Segment Open
(* Let $R$ be a commutative Noetherian ring and $M$ an Artinian $R$-module. Then $\operatorname{Supp}_RM\subseteq\operatorname{Cos}_RM$. In particular, $\operatorname{Cos}_RM\cap V(J(M))=\operatorname{Supp}_RM$.
   Context: $\operatorname{Cos}_RM=\{\mathfrak{p}\in\operatorname{Spec}R:\operatorname{Hom}_R(R_{\mathfrak{p}},M)\neq0\}$. For Artinian $M$, $\operatorname{Supp}_RM$ is a finite set of maximal ideals and $J(M)=\bigcap_{\mathfrak{m}\in\operatorname{Supp}_RM}\mathfrak{m}$. *)

theory Defs
  imports "HOL-Algebra.Algebra"
begin

definition ring_module :: "'a ring \<Rightarrow> ('a, 'a) module" where
  "ring_module R = \<lparr> partial_object.carrier = carrier R, monoid.mult = monoid.mult R, monoid.one = \<one>\<^bsub>R\<^esub>,
      ring.zero = \<zero>\<^bsub>R\<^esub>, ring.add = ring.add R, module.smult = monoid.mult R \<rparr>"

definition loc_rel :: "'a ring \<Rightarrow> ('a, 'b) module \<Rightarrow> 'a set \<Rightarrow> (('b \<times> 'a) \<times> ('b \<times> 'a)) set" where
  "loc_rel R M S = {((x, s), (y, t)). x \<in> carrier M \<and> y \<in> carrier M \<and> s \<in> S \<and> t \<in> S \<and>
      (\<exists>u\<in>S. u \<odot>\<^bsub>M\<^esub> ((t \<odot>\<^bsub>M\<^esub> x) \<ominus>\<^bsub>M\<^esub> (s \<odot>\<^bsub>M\<^esub> y)) = \<zero>\<^bsub>M\<^esub>)}"
(* For $d=2$ and $U\in C^\infty(\mathbb{T}^2)$, $Q(U)={}^tP\,D(-U)\,P$, where $P=\begin{pmatrix}0&-1\\1&0\end{pmatrix}$.
   Context: $\mathbb{T}^2=\mathbb{R}^2/\mathbb{Z}^2$. $D(W)$: ${}^tlD(W)l=\inf_{f\in C^\infty(\mathbb{T}^2)}\int|l-\nabla f|^2e^{-2W}dx/\int e^{-2W}$. $\mathcal{F}_{sol}=\{p\in(C^\infty(\mathbb{T}^2))^2:\operatorname{div}p=0,\ \int p\,dx=0\}$; $Q(U)$ is the symmetric matrix with ${}^tlQ(U)l=\inf_{p\in\mathcal{F}_{sol}}\int|l-p|^2e^{2U}dx/\int e^{2U}dx$. *)

theory Defs
  imports "HOL-Analysis.Analysis"
begin

text \<open>Functions on the torus T^2 = R^2/Z^2 are represented as Z^2-periodic functions on R^2
  (here the Euclidean space real^2); integrals over T^2 are integrals over the unit square.\<close>

definition partial :: "2 \<Rightarrow> (real^2 \<Rightarrow> real) \<Rightarrow> real^2 \<Rightarrow> real" where
  "partial i f x = frechet_derivative f (at x) (axis i 1)"

fun Ck :: "nat \<Rightarrow> (real^2 \<Rightarrow> real) \<Rightarrow> bool" where
  "Ck 0 f = continuous_on UNIV f"
| "Ck (Suc k) f = ((\<forall>x. f differentiable (at x)) \<and> continuous_on UNIV f
                    \<and> (\<forall>i. Ck k (partial i f)))"

definition smooth :: "(real^2 \<Rightarrow> real) \<Rightarrow> bool" where
  "smooth f \<longleftrightarrow> (\<forall>k. Ck k f)"
lemma indivisible_neg_min_at_ratio_unique:
  assumes Q: "integral_inner_product Q" and "convex C" "conic C"
    and "indivisible l" "indivisible m"
    and l: "neg_min_at (ratio Q c) (C - {0}) (rvec l)" and m: "neg_min_at (ratio Q c) (C - {0}) (rvec m)"
  shows "l = m"
proof -
  define a where "a = - ipair c l"
  define b where "b = - ipair c m"
  have "0 < a" "0 < b"
    using l m ratio_neg_iff[OF Q] by (auto simp: neg_min_at_def a_def b_def pair_rvec)
  have "neg_min_at (ratio Q c) (C - {0}) (rvec (b *s l))"
    using neg_min_at_ratio_scaleR[OF \<open>conic C\<close> _ l] \<open>0 < b\<close> by (simp add: rvec_smult)
  moreover have "neg_min_at (ratio Q c) (C - {0}) (rvec (a *s m))"
    using neg_min_at_ratio_scaleR[OF \<open>conic C\<close> _ m] \<open>0 < a\<close> by (simp add: rvec_smult)
  moreover have "pair c (rvec (b *s l)) = pair c (rvec (a *s m))"
    unfolding rvec_smult pair_scaleR pair_rvec a_def b_def by simp
  ultimately have "rvec (b *s l) = rvec (a *s m)"
    by (rule neg_min_at_ratio_unique[OF Q \<open>convex C\<close>])
  then have "b *s l = a *s m"
    by (simp add: rvec_eq_iff)
  then show ?thesis
    by (rule indivisible_smult_cancel[OF assms(4,5) \<open>0 < b\<close> \<open>0 < a\<close>])
qed

lemma ex_tendsto_powi_mult_iff:
  fixes a :: complex and k :: int
  shows "(\<exists>y. ((\<lambda>t. t powi k * a) \<longlongrightarrow> y) (at 0)) \<longleftrightarrow> a = 0 \<or> 0 \<le> k"
proof
  assume "\<exists>y. ((\<lambda>t. t powi k * a) \<longlongrightarrow> y) (at 0)"
  then obtain y where y: "((\<lambda>t. t powi k * a) \<longlongrightarrow> y) (at 0)"
    by blast
  show "a = 0 \<or> 0 \<le> k"
  proof (rule ccontr)
    assume "\<not> (a = 0 \<or> 0 \<le> k)"
    then have "0 < - k"
      by simp
    have "((\<lambda>t. t powi (- k) * (t powi k * a)) \<longlongrightarrow> 0 powi (- k) * y) (at 0)"
      using \<open>0 < - k\<close> by (intro tendsto_intros y tendsto_power_int') simp_all
    moreover have "eventually (\<lambda>t. t powi (- k) * (t powi k * a) = a) (at (0::complex))"
      by (auto simp: eventually_at_filter power_int_minus)
    ultimately have "((\<lambda>t. a) \<longlongrightarrow> 0) (at (0::complex))"
      using \<open>0 < - k\<close> by (simp add: tendsto_cong)
    then show False
      using \<open>\<not> (a = 0 \<or> 0 \<le> k)\<close> by (simp add: tendsto_const_iff)
  qed
next
  assume "a = 0 \<or> 0 \<le> k"
  then show "\<exists>y. ((\<lambda>t. t powi k * a) \<longlongrightarrow> y) (at 0)"
  proof
    assume "0 \<le> k"
    then have "((\<lambda>t. t powi k * a) \<longlongrightarrow> 0 powi k * a) (at 0)"
      by (intro tendsto_intros tendsto_power_int') simp_all
    then show ?thesis ..
  qed (auto intro: tendsto_const)
qed

lemma ex_tendsto_vec_iff:
  "(\<exists>y. (f \<longlongrightarrow> y) F) \<longleftrightarrow> (\<forall>i. \<exists>y. ((\<lambda>t. f t $ i) \<longlongrightarrow> y) F)"
proof
  assume "\<forall>i. \<exists>y. ((\<lambda>t. f t $ i) \<longlongrightarrow> y) F"
  then obtain y where "\<And>i. ((\<lambda>t. f t $ i) \<longlongrightarrow> y i) F"
    by metis
  then have "(f \<longlongrightarrow> (\<chi> i. y i)) F"
    by (intro vec_tendstoI) simp
  then show "\<exists>y. (f \<longlongrightarrow> y) F" ..
qed (auto intro: tendsto_vec_nth)

lemma has_limit_iff: "has_limit chis l x \<longleftrightarrow> rvec l \<in> sigma chis x"
  unfolding has_limit_def ops_act_def ex_tendsto_vec_iff
  by (auto simp: ex_tendsto_powi_mult_iff sigma_def supp_def pair_rvec)

lemma unstable_iff: "unstable chis c x \<longleftrightarrow> (\<exists>l. rvec l \<in> sigma chis x \<and> ipair c l < 0)"
  by (simp add: unstable_def has_limit_iff)

lemma exists_indivisible_neg_min_at_sigma:
  assumes "integral_inner_product Q" and "unstable chis c x"
  obtains l where "indivisible l" "neg_min_at (ratio Q c) (sigma chis x - {0}) (rvec l)"
proof -
  obtain l0 where "rvec l0 \<in> dual_cone (chis ` supp x)" "pair c (rvec l0) < 0"
    using assms(2) by (auto simp: unstable_iff sigma_eq_dual_cone pair_rvec)
  moreover have "finite (chis ` supp x)"
    by simp
  ultimately obtain l where "indivisible l"
      and "neg_min_at (ratio Q c) (dual_cone (chis ` supp x) - {0}) (rvec l)"
    using exists_indivisible_neg_min_at_ratio[OF assms(1)] by blast
  then show thesis
    using that by (simp add: sigma_eq_dual_cone)
qed
lemma exists_optimal_point_on_low_dimensional_face:
  fixes D :: "'a::euclidean_space set" and A :: "nat \<Rightarrow> 'a" and b :: "nat \<Rightarrow> ereal" and I :: "nat set"
  defines "Crel \<equiv> {X \<in> D. \<forall>i\<in>I. ereal (A i \<bullet> X) \<le> b i}"
  assumes "closed D" "convex D" "finite T" "T \<subseteq> I"
    and bounded: "bounded {X \<in> Crel. A0 \<bullet> X = A0 \<bullet> Xstar}"
    and opt: "Xstar \<in> Crel" "\<And>X. X \<in> Crel \<Longrightarrow> A0 \<bullet> Xstar \<le> A0 \<bullet> X"
    and mult: "\<And>i. i \<in> T \<Longrightarrow> 0 \<le> \<mu> i"
    and slack: "\<And>i. i \<in> T \<Longrightarrow> b i = ereal (A i \<bullet> Xstar)"
    and normal: "- A0 - (\<Sum>i\<in>T. \<mu> i *\<^sub>R A i) \<in> normal_cone D Xstar"
    and parallel: "\<And>j. j \<in> I - T \<Longrightarrow> \<exists>c\<ge>0. A j - c *\<^sub>R G \<in> span (A ` T)"
  obtains F e where "F face_of D" "e \<in> rel_interior F" "aff_dim F \<le> int (card T)"
    "e \<in> Crel" "A0 \<bullet> e = A0 \<bullet> Xstar"
proof -
  define S where "S = {X \<in> Crel. A0 \<bullet> X = A0 \<bullet> Xstar}"
  have S_eq: "S = D \<inter> (\<Inter>i\<in>I. {X. ereal (A i \<bullet> X) \<le> b i}) \<inter> {X. A0 \<bullet> X = A0 \<bullet> Xstar}"
    by (auto simp: S_def Crel_def)
  have "closed S"
    unfolding S_eq by (intro closed_Int assms(2) closed_INT ballI closed_ereal_halfspace_le closed_hyperplane)
  then have "compact S"
    using bounded by (simp add: S_def compact_eq_bounded_closed)
  moreover have "convex S"
    unfolding S_eq by (intro convex_Int assms(3) convex_INT ballI convex_ereal_halfspace_le convex_hyperplane)
  moreover have "S \<noteq> {}"
    using opt(1) by (auto simp: S_def)
  \<comment> \<open>Among the optimal points, minimise the direction G shared by the non-binding constraints.\<close>
  ultimately obtain e where e: "e extreme_point_of {X \<in> S. G \<bullet> X = G \<bullet> e}"
    and G_min: "\<And>X. X \<in> S \<Longrightarrow> G \<bullet> e \<le> G \<bullet> X"
    using exists_extreme_minimiser[where G = G] by blast
  then have eC: "e \<in> Crel" "A0 \<bullet> e = A0 \<bullet> Xstar"
    by (auto simp: extreme_point_of_def S_def)
  then obtain F where F: "F face_of D" "e \<in> rel_interior F"
    using exists_face_of_rel_interior[OF assms(3)] by (auto simp: Crel_def)
  have "aff_dim F \<le> int (card T)"
  proof (rule ccontr)
    assume "\<not> ?thesis"
    with card_image_le[OF \<open>finite T\<close>, of A] have "int (card (A ` T)) < aff_dim F"
      by linarith
    then obtain d where d: "d \<noteq> 0" "e + d \<in> F" "e - d \<in> F" "\<And>v. v \<in> A ` T \<Longrightarrow> v \<bullet> d = 0"
      using rel_interior_exists_orthogonal_segment[OF F(2) finite_imageI[OF \<open>finite T\<close>]] by blast
    have Ad: "\<And>i. i \<in> T \<Longrightarrow> A i \<bullet> d = 0"
      using d(4) by blast
    have "e + d \<in> D" "e - d \<in> D"
      using d(2,3) F(1) face_of_imp_subset by blast+
    \<comment> \<open>By complementary slackness e minimises the Lagrangian over D, so the objective is constant on the segment.\<close>
    have l_min: "(A0 + (\<Sum>i\<in>T. \<mu> i *\<^sub>R A i)) \<bullet> e \<le> (A0 + (\<Sum>i\<in>T. \<mu> i *\<^sub>R A i)) \<bullet> Y"
      if "Y \<in> D" for Y
      by (rule lagrangian_min_at_optimum[where \<mu> = \<mu> and b = b, OF mult _ slack eC(2) normal that])
        (use eC(1) \<open>T \<subseteq> I\<close> in \<open>auto simp: Crel_def\<close>)
    have A0d: "A0 \<bullet> d = 0"
      using l_min[OF \<open>e + d \<in> D\<close>] l_min[OF \<open>e - d \<in> D\<close>] Ad
      by (simp add: inner_add_right inner_diff_right inner_add_left inner_sum_left)
    have in_S: "e + s \<in> S" if s: "s = d \<or> s = - d" "G \<bullet> s \<le> 0" for s
    proof -
      have "\<forall>i\<in>I. ereal (A i \<bullet> (e + s)) \<le> b i"
        by (rule constraints_feasible_direction[OF _ _ s(2) parallel]) (use eC(1) Ad s(1) in \<open>auto simp: Crel_def\<close>)
      moreover have "e + s \<in> D"
        using s(1) \<open>e + d \<in> D\<close> \<open>e - d \<in> D\<close> by auto
      ultimately show ?thesis
        using eC A0d s(1) by (auto simp: S_def Crel_def inner_add_right)
    qed
    have G_zero: "G \<bullet> s = 0" if "s = d \<or> s = - d" "G \<bullet> s \<le> 0" for s
      using G_min[OF in_S[OF that]] that(2) by (simp add: inner_add_right)
    have "G \<bullet> d = 0"
      using G_zero[of d] G_zero[of "- d"] by (cases "G \<bullet> d \<le> 0") auto
    then have "e + d \<in> {X \<in> S. G \<bullet> X = G \<bullet> e}" "e - d \<in> {X \<in> S. G \<bullet> X = G \<bullet> e}"
      using in_S[of d] in_S[of "- d"] by (auto simp: inner_add_right inner_diff_right)
    then show False
      using e in_open_segment_symmetric[OF d(1), of e] by (auto simp: extreme_point_of_def)
  qed
  with F eC that show ?thesis by blast
qed

lemma lmi_cond_if_face_cond:
  fixes Xs :: "'a::euclidean_space set"
  assumes "face_cond Xs mstar"
  shows "lmi_cond Xs mstar"
  unfolding lmi_cond_def Let_def
  apply (intro allI impI, elim conjE exE)
  subgoal premises H for m A0 A b Xstar \<mu> T G
  proof -
    let ?Crel = "{X \<in> clconv Xs. \<forall>i\<in>{1..m}. ereal (A i \<bullet> X) \<le> b i}"
    let ?C = "{X \<in> Xs. \<forall>i\<in>{1..m}. ereal (A i \<bullet> X) \<le> b i}"
    have Vrel: "(INF X\<in>?Crel. ereal (A0 \<bullet> X)) = ereal (A0 \<bullet> Xstar)"
      using H(6) by simp
    have opt: "A0 \<bullet> Xstar \<le> A0 \<bullet> X" if "X \<in> ?Crel" for X
      using INF_lower[OF that, of "\<lambda>X. ereal (A0 \<bullet> X)"] Vrel by simp
    have bounded: "bounded {X \<in> ?Crel. A0 \<bullet> X = A0 \<bullet> Xstar}"
      using H(4) Vrel by simp
    have T: "finite T" "T \<subseteq> {1..m}"
      using H(8) by auto
    have mult: "0 \<le> \<mu> i" if "i \<in> T" for i
      using H(7) T(2) that by blast
    have slack: "b i = ereal (A i \<bullet> Xstar)" if "i \<in> T" for i
    proof -
      have i: "i \<in> {1..m}" "\<mu> i \<noteq> 0"
        using H(8) that by auto
      then have "ereal (A i \<bullet> Xstar) \<le> b i" "\<not> ereal (A i \<bullet> Xstar) < b i"
        using H(5,10) by auto
      then show ?thesis by (intro antisym) (simp_all add: not_less)
    qed
    have parallel: "\<exists>c\<ge>0. A j - c *\<^sub>R G \<in> span (A ` T)" if j: "j \<in> {1..m} - T" for j
    proof -
      obtain c where c: "0 \<le> c" "A j - orth_proj (A ` T) (A j) = c *\<^sub>R G"
        using bspec[OF H(12) j] by blast
      have "A j - c *\<^sub>R G = orth_proj (A ` T) (A j)"
        unfolding c(2)[symmetric] by simp
      with c(1) show ?thesis
        using orth_proj_in_span by (intro exI[of _ c]) simp
    qed
    obtain F e where F: "F face_of clconv Xs" "e \<in> rel_interior F" "aff_dim F \<le> int (card T)"
      and e: "e \<in> ?Crel" "A0 \<bullet> e = A0 \<bullet> Xstar"
      using exists_optimal_point_on_low_dimensional_face[OF closed_clconv convex_clconv T bounded
          H(5) opt mult slack H(11) parallel] by blast
    have "F \<subseteq> Xs"
      using assms F H(9) by (auto simp: face_cond_def)
    with F(2) e(1) have "e \<in> ?C"
      using rel_interior_subset by blast
    then have "(INF X\<in>?C. ereal (A0 \<bullet> X)) \<le> (INF X\<in>?Crel. ereal (A0 \<bullet> X))"
      using INF_lower[of e ?C "\<lambda>X. ereal (A0 \<bullet> X)"] e(2) Vrel by simp
    moreover have "(INF X\<in>?Crel. ereal (A0 \<bullet> X)) \<le> (INF X\<in>?C. ereal (A0 \<bullet> X))"
      by (rule INF_superset_mono) (use clconv_superset[of Xs] in auto)
    ultimately show ?thesis by (rule antisym)
  qed
  done
theorem lemma4p1:
  fixes P :: "'p set" and L :: "'p set set" and P' :: "'q set" and L' :: "'q set set"
    and f :: "'p \<Rightarrow> 'q"
  assumes "gq22 P L" and "gq22 P' L'" and "geom_iso f P L P' L'"
  shows "(\<forall>x\<in>P. \<forall>y\<in>P. x \<noteq> y \<longrightarrow>
            card (setperp (bbP f P P' L') (bbL f P L P' L') {Inr (Inl x), Inr (Inl y)}) \<ge> 3)
       \<and> (\<forall>u\<in>P'. \<forall>v\<in>P'. u \<noteq> v \<longrightarrow>
            card (setperp (bbP f P P' L') (bbL f P L P' L') {Inr (Inr u), Inr (Inr v)}) \<ge> 3)"
proof -
  have fP: "f ` P = P'" and inj: "inj_on f P"
    using assms(3) unfolding geom_iso_def bij_betw_def by blast+
  have "3 \<le> card (setperp (bbP f P P' L') (bbL f P L P' L') {Inr (Inl x), Inr (Inl y)})"
    if "x \<in> P" "y \<in> P" "x \<noteq> y" for x y
  proof -
    have "f x \<in> P'" "f y \<in> P'" using that fP by blast+
    then have "setperp (bbP f P P' L') (bbL f P L P' L') {Inr (Inl x), Inr (Inl y)} =
        (Inr \<circ> Inr) ` setperp P' L' {f x, f y}"
      using that by (simp add: setperp_bbP_Inr_Inl_pair calP_fibre_left) (simp add: setperp_pair)
    then show ?thesis
      using gq22_card_setperp_pair[OF assms(2) \<open>f x \<in> P'\<close> \<open>f y \<in> P'\<close>]
      by (simp add: card_image inj_on_def)
  qed
  moreover have "3 \<le> card (setperp (bbP f P P' L') (bbL f P L P' L') {Inr (Inr u), Inr (Inr v)})"
    if "u \<in> P'" "v \<in> P'" "u \<noteq> v" for u v
  proof -
    let ?B = "{x \<in> P. f x \<in> setperp P' L' {u, v}}"
    have "{x. (x, u) \<in> calP f P P' L'} \<inter> {x. (x, v) \<in> calP f P P' L'} = ?B"
      using that fP calP_fibre_right[of f P P' _ L'] by (auto simp: setperp_pair)
    then have "setperp (bbP f P P' L') (bbL f P L P' L') {Inr (Inr u), Inr (Inr v)} = (Inr \<circ> Inl) ` ?B"
      using that(3) by (simp add: setperp_bbP_Inr_Inr_pair)
    moreover have "card ?B = card (setperp P' L' {u, v})"
    proof -
      have "setperp P' L' {u, v} \<subseteq> f ` P"
        using perp_subset[OF that(1)] fP by (auto simp: setperp_pair)
      then have "f ` ?B = setperp P' L' {u, v}" by blast
      moreover have "inj_on f ?B" using inj by (rule inj_on_subset) blast
      ultimately show ?thesis by (metis card_image)
    qed
    ultimately show ?thesis
      using gq22_card_setperp_pair[OF assms(2) that(1,2)]
      by (simp add: card_image inj_on_def)
  qed
  ultimately show ?thesis by blast
qed

end
(* Let $n\ge3$. Then the big height of $I(L_n^2)\subseteq\Bbbk[x_1,\dots,x_n]$ equals $n-\left\lceil\frac n5\right\rceil$.
   Context: $L_n^2$ is the graph on $\{1,\dots,n\}$ with edges $\{i,i+1\}$ ($1\le i\le n-1$) and $\{i,i+2\}$ ($1\le i\le n-2$). $I(G)=\langle x_ix_j:\{i,j\}\in E(G)\rangle$, $\Bbbk$ a field. The big height of an ideal is the maximum height of its minimal prime ideals. *)

theory Defs
  imports "HOL-Library.Poly_Mapping" "HOL-Library.Extended_Nat" "HOL-Algebra.Ideal"
begin

type_synonym 'a mpoly = "(nat \<Rightarrow>\<^sub>0 nat) \<Rightarrow>\<^sub>0 'a"

definition poly_ring :: "nat \<Rightarrow> ('a::field) mpoly ring" where
  "poly_ring n = \<lparr> carrier = {p. \<forall>m \<in> Poly_Mapping.keys p. Poly_Mapping.keys m \<subseteq> {1..n}},
                   monoid.mult = (*), one = 1, zero = 0, add = (+) \<rparr>"

definition var :: "nat \<Rightarrow> ('a::field) mpoly" where
  "var i = Poly_Mapping.single (Poly_Mapping.single i 1) 1"

definition L2_edges :: "nat \<Rightarrow> nat set set" where
  "L2_edges n = {{i, i+1} | i. 1 \<le> i \<and> i \<le> n - 1} \<union> {{i, i+2} | i. 1 \<le> i \<and> i + 2 \<le> n}"

definition edge_ideal :: "nat \<Rightarrow> nat set set \<Rightarrow> ('a::field) mpoly set" where
  "edge_ideal n E = genideal (poly_ring n) {var i * var j | i j. {i, j} \<in> E}"

definition height :: "('a, 'b) ring_scheme \<Rightarrow> 'a set \<Rightarrow> enat" where
  "height R P = (SUP k \<in> {k. \<exists>Q. (\<forall>i\<le>k. primeideal (Q i) R) \<and> (\<forall>i<k. Q i \<subset> Q (Suc i)) \<and> Q k = P}. enat k)"

definition minimal_primes :: "('a, 'b) ring_scheme \<Rightarrow> 'a set \<Rightarrow> 'a set set" where
  "minimal_primes R I = {P. primeideal P R \<and> I \<subseteq> P \<and>
      (\<forall>Q. primeideal Q R \<and> I \<subseteq> Q \<and> Q \<subseteq> P \<longrightarrow> Q = P)}"

definition big_height :: "('a, 'b) ring_scheme \<Rightarrow> 'a set \<Rightarrow> enat" where
  "big_height R I = (SUP P \<in> minimal_primes R I. height R P)"

end

theory Submission
  imports Defs
begin

text \<open>The minimal primes of an edge ideal \<open>I(G)\<close> are the ideals \<open>(x\<^sub>i : i \<in> C)\<close> for the minimal
  vertex covers \<open>C\<close> of \<open>G\<close>, and \<open>(x\<^sub>i : i \<in> C)\<close> has height \<open>|C|\<close>: the chain of ideals generated
  by growing subsets of \<open>C\<close> gives \<open>\<ge>\<close>; for \<open>\<le>\<close>, the largest number of variables algebraically
  independent modulo a prime drops strictly along a strict inclusion of primes, and is
  \<open>\<ge> n - |C|\<close> for \<open>(x\<^sub>i : i \<in> C)\<close>. So the big height is the largest size of a minimal vertex cover.
  For \<open>L\<^sub>n\<^sup>2\<close>, every vertex of a minimal cover has a neighbour outside it, so the windows
  \<open>{u - 2..u + 2}\<close> around the vertices \<open>u\<close> of the complement exhaust \<open>{1..n}\<close> and the complement
  has at least \<open>\<lceil>n/5\<rceil>\<close> elements; the independent set of vertices \<open>\<equiv> 3 (mod 5)\<close>, extended by \<open>n\<close> when
  \<open>n \<equiv> 1, 2 (mod 5)\<close>, has exactly that size and its complement is a minimal cover.\<close>

section \<open>Polynomials in a set of variables\<close>

definition polys_in :: "nat set \<Rightarrow> 'a::zero mpoly set" where
  "polys_in S = {p. \<forall>m\<in>Poly_Mapping.keys p. Poly_Mapping.keys m \<subseteq> S}"

lemma keys_add_nat: "Poly_Mapping.keys ((a::'b \<Rightarrow>\<^sub>0 nat) + b) = Poly_Mapping.keys a \<union> Poly_Mapping.keys b"
  by (auto simp: in_keys_iff lookup_add)

lemma polys_in_0 [simp]: "0 \<in> polys_in S"
  by (simp add: polys_in_def)

lemma polys_in_1 [simp]: "(1::'a::zero_neq_one mpoly) \<in> polys_in S"
  by (simp add: polys_in_def)

lemma polys_in_add [simp, intro]: "p \<in> polys_in S \<Longrightarrow> q \<in> polys_in S \<Longrightarrow> p + q \<in> polys_in S"
  using keys_add[of p q] by (auto simp: polys_in_def)

lemma polys_in_uminus [simp]: "- (p::'a::ab_group_add mpoly) \<in> polys_in S \<longleftrightarrow> p \<in> polys_in S"
  by (simp add: polys_in_def)

lemma polys_in_mult [simp, intro]:
  assumes "(p::'a::comm_semiring_1 mpoly) \<in> polys_in S" "q \<in> polys_in S"
  shows "p * q \<in> polys_in S"
proof -
  have "Poly_Mapping.keys m \<subseteq> S" if m: "m \<in> Poly_Mapping.keys (p * q)" for m
  proof -
    obtain a b where "m = a + b" "a \<in> Poly_Mapping.keys p" "b \<in> Poly_Mapping.keys q"
      using keys_mult[of p q] m by blast
    then show ?thesis using assms by (auto simp: polys_in_def keys_add_nat)
  qed
  then show ?thesis by (simp add: polys_in_def)
qed

lemma polys_in_sum [intro]:
  "(\<And>i. i \<in> A \<Longrightarrow> (f i::'a::comm_monoid_add mpoly) \<in> polys_in S) \<Longrightarrow> sum f A \<in> polys_in S"
  by (induction A rule: infinite_finite_induct) auto

lemma polys_in_prod [intro]:
  "(\<And>i. i \<in> A \<Longrightarrow> (f i::'a::comm_semiring_1 mpoly) \<in> polys_in S) \<Longrightarrow> prod f A \<in> polys_in S"
  by (induction A rule: infinite_finite_induct) auto

lemma polys_in_power [intro]: "(p::'a::comm_semiring_1 mpoly) \<in> polys_in S \<Longrightarrow> p ^ k \<in> polys_in S"
  by (induction k) auto

lemma polys_in_mono: "S \<subseteq> T \<Longrightarrow> p \<in> polys_in S \<Longrightarrow> p \<in> polys_in T"
  by (auto simp: polys_in_def)

lemma polys_in_single: "Poly_Mapping.keys m \<subseteq> S \<Longrightarrow> Poly_Mapping.single m a \<in> polys_in S"
  by (simp add: polys_in_def)

lemma polys_in_const: "Poly_Mapping.single 0 a \<in> polys_in S"
  by (simp add: polys_in_single)

lemma mpoly_monomial_expansion:
  "(p::'a::comm_monoid_add mpoly) =
     (\<Sum>m\<in>Poly_Mapping.keys p. Poly_Mapping.single m (Poly_Mapping.lookup p m))"
proof (rule poly_mapping_eqI)
  fix k
  have "Poly_Mapping.lookup (\<Sum>m\<in>Poly_Mapping.keys p. Poly_Mapping.single m (Poly_Mapping.lookup p m)) k
      = (\<Sum>m\<in>Poly_Mapping.keys p. if m = k then Poly_Mapping.lookup p m else 0)"
    by (simp add: Poly_Mapping.lookup_sum lookup_single when_def)
  also have "\<dots> = Poly_Mapping.lookup p k"
    by (simp add: in_keys_iff)
  finally show "Poly_Mapping.lookup p k =
      Poly_Mapping.lookup (\<Sum>m\<in>Poly_Mapping.keys p. Poly_Mapping.single m (Poly_Mapping.lookup p m)) k"
    by simp
qed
Segment Closed
# TASK TO CARRY OUT
Could you find every line in the records above that has the string "lparr" and copy it?

# EXERCISE ANSWER
  "ring_module R = \<lparr> partial_object.carrier = carrier R, monoid.mult = monoid.mult R, monoid.one = \<one>\<^bsub>R\<^esub>,
  "poly_ring n = \<lparr> carrier = {p. \<forall>m \<in> Poly_Mapping.keys p. Poly_Mapping.keys m \<subseteq> {1..n}},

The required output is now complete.